Образу Ирана как агрессивной державы противоречит хотя бы то, что он не вел серьезных наступательных войн со времен Надир-шаха (середина XVIII в.). Его расходы на оборону и сейчас ниже среднего уровня для государства его размеров и близко не сопоставимы с аналогичной статьей в бюджете, например, СССР в годы «холодной войны». В войнах XIX-XX вв. иранцы, как правило, оборонялись, в частности, в ходе затяжной и опустошительной войны 1980-х годов, в которой Запад поддерживал саддамовский Ирак якобы во имя сдерживания иранского религиозного экстремизма. Точно так же, США позднее финансировали «Талибан» и «Аль-Каиду» в Афганистане, чтобы, после ухода русских, предотвратить его переход под контроль проиранских группировок. В обоих случаях Пентагону впоследствии приходилось устраивать интервенции против монстров, созданных его собственной стратегией сдерживания. Крайне неохотно признавая помощь иранцев коалиционным властям в обустройстве новых демократических учреждений в Багдаде и Кабуле, в Вашингтоне не скупились на декларации о том, что устранение Саддама и талибов упрочило влияние ИРИ в регионе.

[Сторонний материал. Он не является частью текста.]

lemma riccati_solution_onorm_le:
  fixes A M S :: "real^'n^'n"
  assumes "riccati_solution A M S" and "c > 0"
    and coercive: "\<And>x. c * (norm x)\<^sup>2 \<le> x \<bullet> (A *v x)"
  shows "onorm ((*v) S) \<le> onorm ((*v) M) / c"
proof (rule onorm_le)
  fix x :: "real^'n"
  have symS: "transpose S = S"
    and riccati: "lyapunov (transpose M) S = 2 *\<^sub>R (S ** A ** S)"
    using assms(1) by (simp_all add: riccati_solution_def lyapunov_def add.commute)
  define y where "y = S *v x"
  have "2 * ((M *v x) \<bullet> y) = x \<bullet> (lyapunov (transpose M) S *v x)"
    unfolding y_def by (simp add: inner_lyapunov[OF symS])
  also have "\<dots> = 2 * (x \<bullet> (S *v (A *v y)))"
    unfolding riccati y_def
    by (simp add: scaleR_matrix_vector_assoc[symmetric] matrix_vector_mul_assoc matrix_mul_assoc
        del: transpose_matrix_vector)
  also have "x \<bullet> (S *v (A *v y)) = y \<bullet> (A *v y)"
    unfolding y_def by (metis symS inner_matrix_vector_transpose)
  finally have "c * (norm y)\<^sup>2 \<le> (M *v x) \<bullet> y"
    using coercive[of y] by simp
  also have "\<dots> \<le> norm (M *v x) * norm y"
    by (rule norm_cauchy_schwarz)
  also have "\<dots> \<le> onorm ((*v) M) * norm x * norm y"
    by (simp add: mult_right_mono onorm[OF matrix_vector_mul_bounded_linear])
  finally have "c * norm y \<le> onorm ((*v) M) * norm x \<or> y = 0"
    by (auto simp: power2_eq_square)
  then show "norm (S *v x) \<le> onorm ((*v) M) / c * norm x"
    unfolding y_def using \<open>c > 0\<close> onorm_pos_le[OF matrix_vector_mul_bounded_linear, of M]
    by (auto simp: field_simps)
qed

lemma closed_riccati_solutions: "closed {(M, S). riccati_solution A M S}"
  unfolding riccati_solution_def case_prod_unfold
  by (intro closed_Collect_conj closed_Collect_eq continuous_intros)

lemma riccati_solution_limit:
  fixes A G :: "real^'n^'n"
  assumes "sym_pos_def_mat A" and "M \<longlonglongrightarrow> G" and "\<And>k. riccati_solution A (M k) (S k)"
  shows "\<exists>S. riccati_solution A G S"
proof -
  obtain c where "c > 0" and coercive: "\<And>x. c * (norm x)\<^sup>2 \<le> x \<bullet> (A *v x)"
    using assms(1) positive_quadratic_form_coercive unfolding sym_pos_def_mat_def by blast
  have "Bseq M"
    using assms(2) by (rule convergent_imp_Bseq[OF convergentI])
  then obtain K where K: "\<And>k. norm (M k) \<le> K"
    using BseqE by metis
  let ?d = "real CARD('n) * real CARD('n)"
  have "norm (S k) \<le> ?d * (?d * K / c)" for k
  proof -
    have "norm (S k) \<le> ?d * onorm ((*v) (S k))"
      by (rule norm_matrix_le_onorm)
    also have "onorm ((*v) (S k)) \<le> onorm ((*v) (M k)) / c"
      by (rule riccati_solution_onorm_le[OF assms(3) \<open>c > 0\<close> coercive])
    also have "onorm ((*v) (M k)) \<le> ?d * norm (M k)"
      by (rule onorm_matrix_le_norm)
    also have "norm (M k) \<le> K"
      by (rule K)
    finally show ?thesis
      using \<open>c > 0\<close> by (simp add: divide_right_mono mult_left_mono)
  qed
  then have "bounded (range S)"
    by (auto simp: bounded_iff)
  then show ?thesis
    using closed_limit_bounded_snd[OF closed_riccati_solutions[of A], where x = M and y = S] assms(2,3)
    by auto
qed

theorem theorem4p9:
  fixes A G :: "real^'n^'n"
  assumes "CARD('n) \<ge> 2"
    and "sym_pos_def_mat A"
  shows "\<exists>S :: real^'n^'n. transpose S = S \<and>
           S ** G + transpose G ** S = 2 *\<^sub>R (S ** A ** S) \<and>
           trace (G - A ** S) = 0"
proof -
  obtain e :: "nat \<Rightarrow> real" where e: "e \<longlonglongrightarrow> 0"
    and avoid: "\<And>k. e k \<notin> {e. \<not> inj (lyapunov (G + e *\<^sub>R mat 1))}"
    using sequence_avoiding_finite[OF finite_not_inj_lyapunov_shift[of G], of "0::real"] by blast
  have "\<forall>k. \<exists>S. riccati_solution A (G + e k *\<^sub>R mat 1) S"
    using riccati_solution_if_inj_lyapunov[OF assms(2)] avoid by simp
  from choice[OF this] obtain S where sol: "\<And>k. riccati_solution A (G + e k *\<^sub>R mat 1) (S k)"
    by blast
  have "(\<lambda>k. G + e k *\<^sub>R mat 1) \<longlonglongrightarrow> G"
    using tendsto_add[OF tendsto_const tendsto_scaleR[OF e tendsto_const]] by simp
  then obtain S where "riccati_solution A G S"
    using sol riccati_solution_limit[OF assms(2)] by blast
  then show ?thesis
    unfolding riccati_solution_def by blast
qed

end
(* Let $$\Pi_0(\phi)=2\sum_{n=1}^{\infty}\frac{(-1)^{n-1}}{n^3\binom{2n}{n}}\,\phi^{n-1}=1-\frac{\phi}{24}+\frac{\phi^2}{270}+\cdots,$$ a power series converging on the disc $|\phi|<4$. Then $\Pi_0$ satisfies the ordinary differential equation $$\Big((4+\phi)\vartheta^4+(10+4\phi)\vartheta^3+(8+6\phi)\vartheta^2+(2+4\phi)\vartheta+\phi\Big)\Pi_0(\phi)=0,$$ where $\vartheta=\phi\,\frac{d}{d\phi}$.
   Context: $\binom{2n}{n}$ denotes the central binomial coefficient. The operator $\vartheta=\phi\frac{d}{d\phi}$ is the Euler derivative, and $\vartheta^k$ denotes its $k$-fold iterate. *)

theory Defs
  imports "HOL-Analysis.Analysis"
begin

definition Pi0 :: "complex \<Rightarrow> complex" where
  "Pi0 \<phi> = 2 * (\<Sum>m. (-1) ^ m / (of_nat (Suc m) ^ 3 * of_nat ((2 * Suc m) choose (Suc m))) * \<phi> ^ m)"

definition theta :: "(complex \<Rightarrow> complex) \<Rightarrow> complex \<Rightarrow> complex" where
  "theta f = (\<lambda>\<phi>. \<phi> * deriv f \<phi>)"

end

theory Submission
  imports Defs
begin

(* Inside the disc |phi| < 4 every theta^k Pi0 is again a power series: theta^k multiplies the
   coefficient a n of phi^n by n^k. Applied termwise, the operator sends a n phi^n to
   e n phi^n + (n+1)^4 a n phi^(n+1) with e n = 2 n (n+1)^2 (2n+1) a n. The identity
   (n+1) C(2n+2, n+1) = 2 (2n+1) C(2n, n) gives the coefficient recurrence
   2 (n+2)^2 (2n+3) a (n+1) = -(n+1)^3 a n, i.e. (n+1)^4 a n = - e (n+1), so the series
   telescopes to e 0 = 0. The same recurrence yields |a (n+1)| <= |a n| / 4, hence the radius
   of convergence 4. *)

lemma power_series_Euler_derivative_sums:
  fixes c :: "nat \<Rightarrow> 'a::{real_normed_field,banach}"
  assumes "summable (\<lambda>n. diffs c n * z ^ n)"
  shows "(\<lambda>n. of_nat n * c n * z ^ n) sums (z * (\<Sum>n. diffs c n * z ^ n))"
proof -
  have "(\<lambda>n. z * (diffs c n * z ^ n)) sums (z * (\<Sum>n. diffs c n * z ^ n))"
    using assms by (intro sums_mult summable_sums)
  moreover have "(\<lambda>n. z * (diffs c n * z ^ n)) = (\<lambda>n. of_nat (Suc n) * c (Suc n) * z ^ Suc n)"
    by (simp add: diffs_def fun_eq_iff algebra_simps)
  ultimately show ?thesis
    using sums_Suc_iff[of "\<lambda>n. of_nat n * c n * z ^ n"] by simp
qed

lemma summable_power_series_times_power:
  fixes a :: "nat \<Rightarrow> 'a::{real_normed_field,banach}"
  assumes summable: "\<And>z. norm z < R \<Longrightarrow> summable (\<lambda>n. a n * z ^ n)" and "norm z < R"
  shows "summable (\<lambda>n. of_nat n ^ k * a n * z ^ n)"
  using assms(2)
proof (induction k arbitrary: z)
  case 0
  then show ?case using summable by simp
next
  case (Suc k)
  have "summable (\<lambda>n. diffs (\<lambda>n. of_nat n ^ k * a n) n * z ^ n)"
    by (rule termdiff_converges[OF Suc.prems]) (use Suc.IH in simp)
  then show ?case
    using power_series_Euler_derivative_sums sums_summable by (fastforce simp: mult.assoc)
qed

lemma theta_iterate_power_series:
  fixes a :: "nat \<Rightarrow> complex"
  assumes summable: "\<And>z. norm z < R \<Longrightarrow> summable (\<lambda>n. a n * z ^ n)"
    and f: "\<And>z. norm z < R \<Longrightarrow> f z = (\<Sum>n. a n * z ^ n)"
    and "norm z < R"
  shows "(theta ^^ k) f z = (\<Sum>n. of_nat n ^ k * a n * z ^ n)"
  using assms(3)
proof (induction k arbitrary: z)
  case 0
  then show ?case using f by simp
next
  case (Suc k)
  let ?c = "\<lambda>n. of_nat n ^ k * a n"
  have summable_k: "summable (\<lambda>n. ?c n * w ^ n)" if "norm w < R" for w
    using summable_power_series_times_power[OF summable that] by (simp add: mult.assoc)
  have "((\<lambda>w. \<Sum>n. ?c n * w ^ n) has_field_derivative (\<Sum>n. diffs ?c n * z ^ n)) (at z)"
    by (rule termdiffs_strong'[OF summable_k Suc.prems])
  then have "((theta ^^ k) f has_field_derivative (\<Sum>n. diffs ?c n * z ^ n)) (at z)"
    by (rule has_field_derivative_transform_within_open[where S = "ball 0 R"])
       (use Suc in \<open>auto simp: mult.assoc\<close>)
  then have "(theta ^^ Suc k) f z = z * (\<Sum>n. diffs ?c n * z ^ n)"
    by (simp add: theta_def DERIV_imp_deriv)
  also have "\<dots> = (\<Sum>n. of_nat n ^ Suc k * a n * z ^ n)"
    using power_series_Euler_derivative_sums[OF termdiff_converges[OF Suc.prems summable_k]]
    by (simp add: sums_iff mult.assoc)
  finally show ?case .
qed

lemma power_series_Euler_ode:
  fixes a :: "nat \<Rightarrow> 'a::{real_normed_field,banach}"
  assumes rec: "\<And>n. 2 * (of_nat n + 2)^2 * (2 * of_nat n + 3) * a (Suc n) = - ((of_nat n + 1)^3 * a n)"
    and summable: "\<And>k. summable (\<lambda>n. of_nat n ^ k * a n * z ^ n)"
  defines "S k \<equiv> \<Sum>n. of_nat n ^ k * a n * z ^ n"
  shows "(4 + z) * S 4 + (10 + 4 * z) * S 3 + (8 + 6 * z) * S 2 + (2 + 4 * z) * S 1 + z * S 0 = 0"
proof -
  define e where "e n = 2 * of_nat n * (of_nat n + 1)^2 * (2 * of_nat n + 1) * a n" for n
  have e_Suc: "e (Suc n) = - ((of_nat n + 1)^4 * a n)" for n
  proof -
    have "e (Suc n) = (of_nat n + 1) * (2 * (of_nat n + 2)^2 * (2 * of_nat n + 3) * a (Suc n))"
      by (simp add: e_def algebra_simps)
    also have "\<dots> = - ((of_nat n + 1) * (of_nat n + 1)^3 * a n)"
      by (simp add: rec)
    finally show ?thesis by (simp add: power4_eq_xxxx power3_eq_cube)
  qed
  let ?t = "\<lambda>k n. of_nat n ^ k * a n * z ^ n"
  have telescoping: "(4 + z) * ?t 4 n + (10 + 4 * z) * ?t 3 n + (8 + 6 * z) * ?t 2 n + (2 + 4 * z) * ?t 1 n
      + z * ?t 0 n = e n * z ^ n - e (Suc n) * z ^ Suc n" for n
    unfolding e_Suc power_Suc unfolding e_def
    by (simp add: algebra_simps power2_eq_square power3_eq_cube power4_eq_xxxx)
  have "(\<lambda>n. (4 + z) * ?t 4 n + (10 + 4 * z) * ?t 3 n + (8 + 6 * z) * ?t 2 n + (2 + 4 * z) * ?t 1 n
      + z * ?t 0 n) sums ((4 + z) * S 4 + (10 + 4 * z) * S 3 + (8 + 6 * z) * S 2 + (2 + 4 * z) * S 1 + z * S 0)"
    unfolding S_def by (intro sums_add sums_mult summable_sums summable)
  moreover have "(\<lambda>n. e n * z ^ n) \<longlonglongrightarrow> 0"
  proof (rule summable_LIMSEQ_zero)
    have "e n * z ^ n = 4 * ?t 4 n + 10 * ?t 3 n + 8 * ?t 2 n + 2 * ?t 1 n" for n
      by (simp add: e_def algebra_simps power2_eq_square power3_eq_cube power4_eq_xxxx)
    then show "summable (\<lambda>n. e n * z ^ n)"
      by (simp only:) (intro summable_add summable_mult summable)
  qed
  then have "(\<lambda>n. e n * z ^ n - e (Suc n) * z ^ Suc n) sums 0"
    using telescope_sums' by (fastforce simp: e_def)
  ultimately show ?thesis
    unfolding telescoping by (rule sums_unique2)
qed

lemma Suc_times_central_binomial_Suc:
  "Suc n * ((2 * Suc n) choose Suc n) = 2 * (2 * n + 1) * ((2 * n) choose n)"
proof -
  have "Suc (2 * n) choose n = Suc (2 * n) choose Suc n"
    using binomial_symmetric[of n "Suc (2 * n)"] by (simp add: Suc_diff_le)
  then have odd: "Suc n * (Suc (2 * n) choose n) = Suc (2 * n) * ((2 * n) choose n)"
    using Suc_times_binomial_eq[of "2 * n" n] by simp
  have "Suc n * (Suc n * ((2 * Suc n) choose Suc n)) = Suc n * (2 * (Suc n * (Suc (2 * n) choose n)))"
    using Suc_times_binomial[of n "Suc (2 * n)"] by (simp del: binomial_Suc_Suc)
  also have "\<dots> = Suc n * (2 * (2 * n + 1) * ((2 * n) choose n))"
    unfolding odd by simp
  finally show ?thesis by (simp only: mult_left_cancel)
qed

definition pi0_coeff :: "nat \<Rightarrow> complex" where
  "pi0_coeff m = 2 * (-1) ^ m / (of_nat (Suc m) ^ 3 * of_nat ((2 * Suc m) choose Suc m))"

lemma pi0_coeff_Suc:
  "2 * (of_nat m + 2)^2 * (2 * of_nat m + 3) * pi0_coeff (Suc m) = - ((of_nat m + 1)^3 * pi0_coeff m)"
proof -
  define C where "C = (of_nat ((2 * Suc m) choose Suc m) :: complex)"
  define C' where "C' = (of_nat ((2 * Suc (Suc m)) choose Suc (Suc m)) :: complex)"
  have nonzero: "C \<noteq> 0" "C' \<noteq> 0" "(of_nat m + 2 :: complex) \<noteq> 0" "(of_nat m + 1 :: complex) \<noteq> 0"
    "(2 * (2 * of_nat m + 3) :: complex) \<noteq> 0"
    unfolding C_def C'_def
    using of_nat_neq_0[of m, where ?'a = complex] of_nat_neq_0[of "Suc m", where ?'a = complex]
      of_nat_neq_0[of "4 * m + 5", where ?'a = complex]
    by (simp_all del: binomial_Suc_Suc add: add.commute add_eq_0_iff)
  have central: "(of_nat m + 2) * C' = 2 * (2 * of_nat m + 3) * C"
    using arg_cong[OF Suc_times_central_binomial_Suc[of "Suc m"], of "of_nat :: nat \<Rightarrow> complex"]
    unfolding C_def C'_def by (simp add: algebra_simps del: binomial_Suc_Suc)
  have coeff_m: "pi0_coeff m = 2 * (-1) ^ m / ((of_nat m + 1)^3 * C)"
    unfolding pi0_coeff_def C_def by (simp add: add.commute)
  have coeff_Suc_m: "pi0_coeff (Suc m) = - 2 * (-1) ^ m / ((of_nat m + 2)^3 * C')"
    unfolding pi0_coeff_def C'_def by (simp del: binomial_Suc_Suc add: add.commute)
  have "2 * (of_nat m + 2)^2 * (2 * of_nat m + 3) * pi0_coeff (Suc m)
      = 2 * (2 * of_nat m + 3) * (- 2 * (-1) ^ m) / ((of_nat m + 2) * C')"
    using nonzero unfolding coeff_Suc_m by (simp add: divide_simps power2_eq_square power3_eq_cube)
  also have "\<dots> = - 2 * (-1) ^ m / C"
    unfolding central using nonzero(5) by (rule mult_divide_mult_cancel_left)
  also have "\<dots> = - ((of_nat m + 1)^3 * pi0_coeff m)"
    using nonzero unfolding coeff_m by simp
  finally show ?thesis .
qed

lemma norm_pi0_coeff_Suc_le: "norm (pi0_coeff (Suc m)) \<le> norm (pi0_coeff m) / 4"
proof -
  define D where "D = 2 * (real m + 2)^2 * (2 * real m + 3)"
  have D_pos: "D > 0"
    by (simp add: D_def)
  have D_complex: "(2 * (of_nat m + 2)^2 * (2 * of_nat m + 3) :: complex) = of_real D"
    by (simp add: D_def)
  have norm_Suc: "norm (of_nat m + 1 :: complex) = real m + 1"
    using norm_of_nat[of "Suc m", where ?'a = complex] by (simp add: add.commute)
  have "D * (4 * norm (pi0_coeff (Suc m))) = 4 * (real m + 1)^3 * norm (pi0_coeff m)"
    using arg_cong[OF pi0_coeff_Suc[of m], of norm] D_pos
    unfolding D_complex by (simp add: norm_mult norm_power norm_Suc)
  also have "\<dots> \<le> D * norm (pi0_coeff m)"
    by (rule mult_right_mono) (simp_all add: D_def power2_eq_square power3_eq_cube algebra_simps)
  finally show ?thesis
    using D_pos by simp
qed

lemma summable_pi0_coeff: "norm z < 4 \<Longrightarrow> summable (\<lambda>m. pi0_coeff m * z ^ m)"
proof (rule summable_ratio_test[where c = "norm z / 4" and N = 0])
  fix m
  have "norm (pi0_coeff (Suc m) * z ^ Suc m) = norm (pi0_coeff (Suc m)) * (norm z * norm z ^ m)"
    by (simp add: norm_mult norm_power)
  also have "\<dots> \<le> norm (pi0_coeff m) / 4 * (norm z * norm z ^ m)"
    by (rule mult_right_mono[OF norm_pi0_coeff_Suc_le]) simp
  also have "\<dots> = norm z / 4 * norm (pi0_coeff m * z ^ m)"
    by (simp add: norm_mult norm_power)
  finally show "norm (pi0_coeff (Suc m) * z ^ Suc m) \<le> norm z / 4 * norm (pi0_coeff m * z ^ m)" .
qed simp

lemma Pi0_eq_power_series:
  assumes "norm z < 4"
  shows "Pi0 z = (\<Sum>m. pi0_coeff m * z ^ m)"
proof -
  let ?b = "\<lambda>m. (-1) ^ m / (of_nat (Suc m) ^ 3 * of_nat ((2 * Suc m) choose (Suc m))) * z ^ m"
  have coeff: "(\<lambda>m. pi0_coeff m * z ^ m) = (\<lambda>m. 2 * ?b m)"
    by (simp add: pi0_coeff_def fun_eq_iff)
  have "summable (\<lambda>m. 2 * ?b m)"
    using summable_pi0_coeff[OF assms] by (simp only: coeff)
  then have "summable ?b"
    by (rule summable_mult_D) simp
  then show ?thesis
    unfolding Pi0_def coeff by (rule suminf_mult[symmetric])
qed

theorem mainTheorem1:
  fixes \<phi> :: complex
  assumes "norm \<phi> < 4"
  shows "(4 + \<phi>) * (theta ^^ 4) Pi0 \<phi> + (10 + 4 * \<phi>) * (theta ^^ 3) Pi0 \<phi>
       + (8 + 6 * \<phi>) * (theta ^^ 2) Pi0 \<phi> + (2 + 4 * \<phi>) * theta Pi0 \<phi> + \<phi> * Pi0 \<phi> = 0"
proof -
  have theta_Pi0: "(theta ^^ k) Pi0 \<phi> = (\<Sum>n. of_nat n ^ k * pi0_coeff n * \<phi> ^ n)" for k
    by (rule theta_iterate_power_series[OF summable_pi0_coeff Pi0_eq_power_series assms])
  have "Pi0 \<phi> = (theta ^^ 0) Pi0 \<phi>" "theta Pi0 \<phi> = (theta ^^ 1) Pi0 \<phi>"
    by simp_all
  then show ?thesis
    using power_series_Euler_ode[OF pi0_coeff_Suc summable_power_series_times_power[OF summable_pi0_coeff assms]]
    by (simp only: theta_Pi0)
qed

end
lemma exists_affine_word_correlation_ge:
  fixes g :: "nat \<Rightarrow> real"
  shows "\<exists>c\<in>set (affine_words k). sqrt (\<Sum>x<2^k. (g x)\<^sup>2) \<le> (\<Sum>x<2^k. g x * bsign (c!x))"
proof (rule ccontr)
  define S where "S = (\<Sum>x<(2::nat)^k. (g x)\<^sup>2)"
  define corr where "corr c = (\<Sum>x<(2::nat)^k. g x * bsign (c!x))" for c
  assume "\<not> ?thesis"
  then have below: "corr c < sqrt S" if "c \<in> set (affine_words k)" for c
    using that by (auto simp: corr_def S_def not_le)
  have "(corr c)\<^sup>2 < S" if c: "c \<in> set (affine_words k)" for c
  proof -
    have "corr (map Not c) = - corr c"
      using length_affine_word[OF c] by (simp add: corr_def sum_negf)
    then have "\<bar>corr c\<bar> < sqrt S"
      using below[OF c] below[OF map_Not_affine_word[OF c]] by linarith
    then show ?thesis
      by (metis real_sqrt_abs real_sqrt_less_iff)
  qed
  moreover have "affine_words k \<noteq> []"
    using length_affine_words[of k] by auto
  ultimately have "(\<Sum>c\<leftarrow>affine_words k. (corr c)\<^sup>2) < (\<Sum>c\<leftarrow>affine_words k. S)"
    by (intro sum_list_strict_mono) auto
  then show False
    using affine_words_parseval[of g k] by (simp add: corr_def S_def sum_list_triv length_affine_words)
qed

text \<open>Choosing the codeword by correlation with the signs of v on T gains sqrt |T| / 2 agreements
  over the |T| / 2 that a random choice guarantees.\<close>

lemma exists_RM1_agreeing:
  assumes T: "T \<subseteq> {..<2^k}"
  shows "\<exists>c\<in>RM 1 k. card T + sqrt (card T) \<le> 2 * real (card {x\<in>T. c!x = v!x})"
proof -
  define g where "g x = (if x \<in> T then bsign (v!x) else 0)" for x
  obtain c where c: "c \<in> set (affine_words k)"
    and corr: "sqrt (\<Sum>x<2^k. (g x)\<^sup>2) \<le> (\<Sum>x<2^k. g x * bsign (c!x))"
    using exists_affine_word_correlation_ge by blast
  have finite_T: "finite T" using T finite_subset by blast
  have "(\<Sum>x<2^k. (g x)\<^sup>2) = (\<Sum>x<2^k. if x \<in> T then 1 else 0)"
    by (intro sum.cong) (simp_all add: g_def)
  also have "\<dots> = card T"
    using sum_lessThan_restrict[OF T, of "\<lambda>_. 1::real"] by simp
  finally have norm: "(\<Sum>x<2^k. (g x)\<^sup>2) = card T" .
  have "(\<Sum>x<2^k. g x * bsign (c!x)) = (\<Sum>x<2^k. if x \<in> T then bsign (c!x) * bsign (v!x) else 0)"
    by (intro sum.cong) (simp_all add: g_def)
  also have "\<dots> = (\<Sum>x\<in>T. bsign (c!x) * bsign (v!x))"
    by (rule sum_lessThan_restrict[OF T])
  also have "\<dots> = (\<Sum>x\<in>T. 2 * (if c!x = v!x then 1 else 0) - 1)"
    by (intro sum.cong) (auto simp: bsign_mult_bsign)
  also have "\<dots> = 2 * real (card {x\<in>T. c!x = v!x}) - card T"
    using finite_T by (simp add: sum_subtractf sum_distrib_left[symmetric] sum.If_cases Int_def)
  finally show ?thesis
    using c corr norm affine_word_in_RM1 by (intro bexI[of _ c]) auto
qed

lemma exists_RM1_rows_agreeing:
  assumes "vs \<noteq> []" and "T \<subseteq> {..<2^k}"
  shows "\<exists>cs. length cs = length vs \<and> set cs \<subseteq> RM 1 k \<and>
     card T / 2 ^ length vs + sqrt (card T / 2 ^ Suc (length vs))
       \<le> real (card {x\<in>T. \<forall>i<length vs. cs!i!x = vs!i!x})"
  using assms
proof (induction vs arbitrary: T)
  case (Cons v vs)
  obtain c where c: "c \<in> RM 1 k" and gain: "card T + sqrt (card T) \<le> 2 * real (card {x\<in>T. c!x = v!x})"
    using exists_RM1_agreeing[OF Cons.prems(2)] by blast
  define T' where "T' = {x\<in>T. c!x = v!x}"
  have T': "T' \<subseteq> {..<2^k}" using Cons.prems(2) by (auto simp: T'_def)
  have half: "card T / 2 \<le> real (card T')"
    using gain real_sqrt_ge_zero[of "card T"] unfolding T'_def by linarith
  show ?case
  proof (cases "vs = []")
    case True
    have "sqrt (card T / 2 ^ 2) = sqrt (card T) / 2"
      by (simp add: real_sqrt_divide)
    moreover have "{x\<in>T. \<forall>i<1. [c]!i!x = [v]!i!x} = T'"
      by (auto simp: T'_def)
    ultimately show ?thesis
      using c gain True by (intro exI[of _ "[c]"]) (simp add: T'_def)
  next
    case False
    obtain cs where cs: "length cs = length vs" "set cs \<subseteq> RM 1 k"
      and IH: "card T' / 2 ^ length vs + sqrt (card T' / 2 ^ Suc (length vs))
        \<le> real (card {x\<in>T'. \<forall>i<length vs. cs!i!x = vs!i!x})"
      using Cons.IH[OF False T'] by blast
    have "{x\<in>T. \<forall>i<length (v#vs). (c#cs)!i!x = (v#vs)!i!x} = {x\<in>T'. \<forall>i<length vs. cs!i!x = vs!i!x}"
      by (auto simp: T'_def All_less_Suc2)
    moreover have "card T / 2 ^ length (v#vs) + sqrt (card T / 2 ^ Suc (length (v#vs)))
        \<le> card T' / 2 ^ length vs + sqrt (card T' / 2 ^ Suc (length vs))"
      using half by (intro add_mono real_sqrt_le_mono) (simp_all add: field_simps)
    ultimately show ?thesis
      using IH c cs by (intro exI[of _ "c#cs"]) simp
  qed
qed simp

section \<open>The recursion for the covering radius\<close>

lemma R_RM_one_le:
  assumes "t \<ge> 1"
  shows "real (R_RM t 1 k) \<le> (1 - 1 / 2 ^ t) * 2 ^ k - sqrt (2 ^ k / 2 ^ Suc t)"
  unfolding R_RM_def
proof (rule gen_cov_radius_le)
  fix vs :: "bool list list"
  assume vs: "length vs = t" "\<forall>v\<in>set vs. length v = 2 ^ k"
  define N :: nat where "N = 2 ^ k"
  define agree where "agree cs = {x\<in>{..<N}. \<forall>i<t. cs!i!x = vs!i!x}" for cs
  have "vs \<noteq> []"
    using vs(1) assms by auto
  then obtain cs where cs: "length cs = t" "set cs \<subseteq> RM 1 k"
    and many: "N / 2 ^ t + sqrt (N / 2 ^ Suc t) \<le> card (agree cs)"
    using exists_RM1_rows_agreeing[of vs "{..<N}" k] unfolding agree_def vs(1) card_lessThan N_def
    by blast
  have agree_sub: "agree cs \<subseteq> {..<N}"
    by (auto simp: agree_def)
  have "\<forall>c\<in>set cs. length c = N"
    using cs(2) length_RM by (auto simp: N_def)
  then have "tdist vs cs = card {j. j < N \<and> (\<exists>i<t. vs!i!j \<noteq> cs!i!j)}"
    using tdist_eq_card_disagreements[of cs vs N] cs(1) vs by (simp add: N_def)
  also have "{j. j < N \<and> (\<exists>i<t. vs!i!j \<noteq> cs!i!j)} = {..<N} - agree cs"
    by (auto simp: agree_def)
  also have "card ({..<N} - agree cs) = N - card (agree cs)"
    using agree_sub by (simp add: card_Diff_subset finite_subset)
  finally have "real (tdist vs cs) = N - real (card (agree cs))"
    using card_mono[OF finite_lessThan agree_sub] by simp
  then show "\<exists>cs. length cs = t \<and> set cs \<subseteq> RM 1 k \<and>
      real (tdist vs cs) \<le> (1 - 1 / 2 ^ t) * 2 ^ k - sqrt (2 ^ k / 2 ^ Suc t)"
    using cs many by (intro exI[of _ cs]) (simp add: N_def algebra_simps)
qed

lemma R_RM_diagonal: "1 \<le> m \<Longrightarrow> R_RM t m m = 0"
  unfolding R_RM_def
proof (rule gen_cov_radius_le[where B = 0, simplified])
  fix vs :: "bool list list"
  assume "1 \<le> m" "length vs = t" "\<forall>v\<in>set vs. length v = 2 ^ m"
  moreover have "RM m m = {xs. length xs = 2 ^ m}"
    using \<open>1 \<le> m\<close> by (cases m) auto
  ultimately show "\<exists>cs. length cs = t \<and> set cs \<subseteq> RM m m \<and> tdist vs cs = 0"
    using tdist_eq_card_disagreements[of vs vs "2 ^ m"] by (intro exI[of _ vs]) auto
qed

Ни одно из этих обстоятельств не оправдывает тегеранский режим, репрессивный и автократичный, действующий в интересах немногочисленной клики, систематически отрицая за иранцами базовые права и свободы. Его изъяны, систематические и серьезных нарушения им правопорядка, с момента кризиса, спровоцированного президентскими выборами июня 2009 г. сделались только очевиднее. Однако его добровольная изоляция в противостоянии Западу и эпатажная риторика М. Ахмадинежада и его окружения позволяли неразборчиво громоздить на него поклепы, не считаясь с
фактами, когда даже «арабская весна» обошла ряд других режимов Среднего Востока, во многих отношениях не менее, а то и более преступных. В поисках решения проблем всего региона, принципиально важно видеть его, и Иран в особенности, такими, какие они есть, в их подлинном облике.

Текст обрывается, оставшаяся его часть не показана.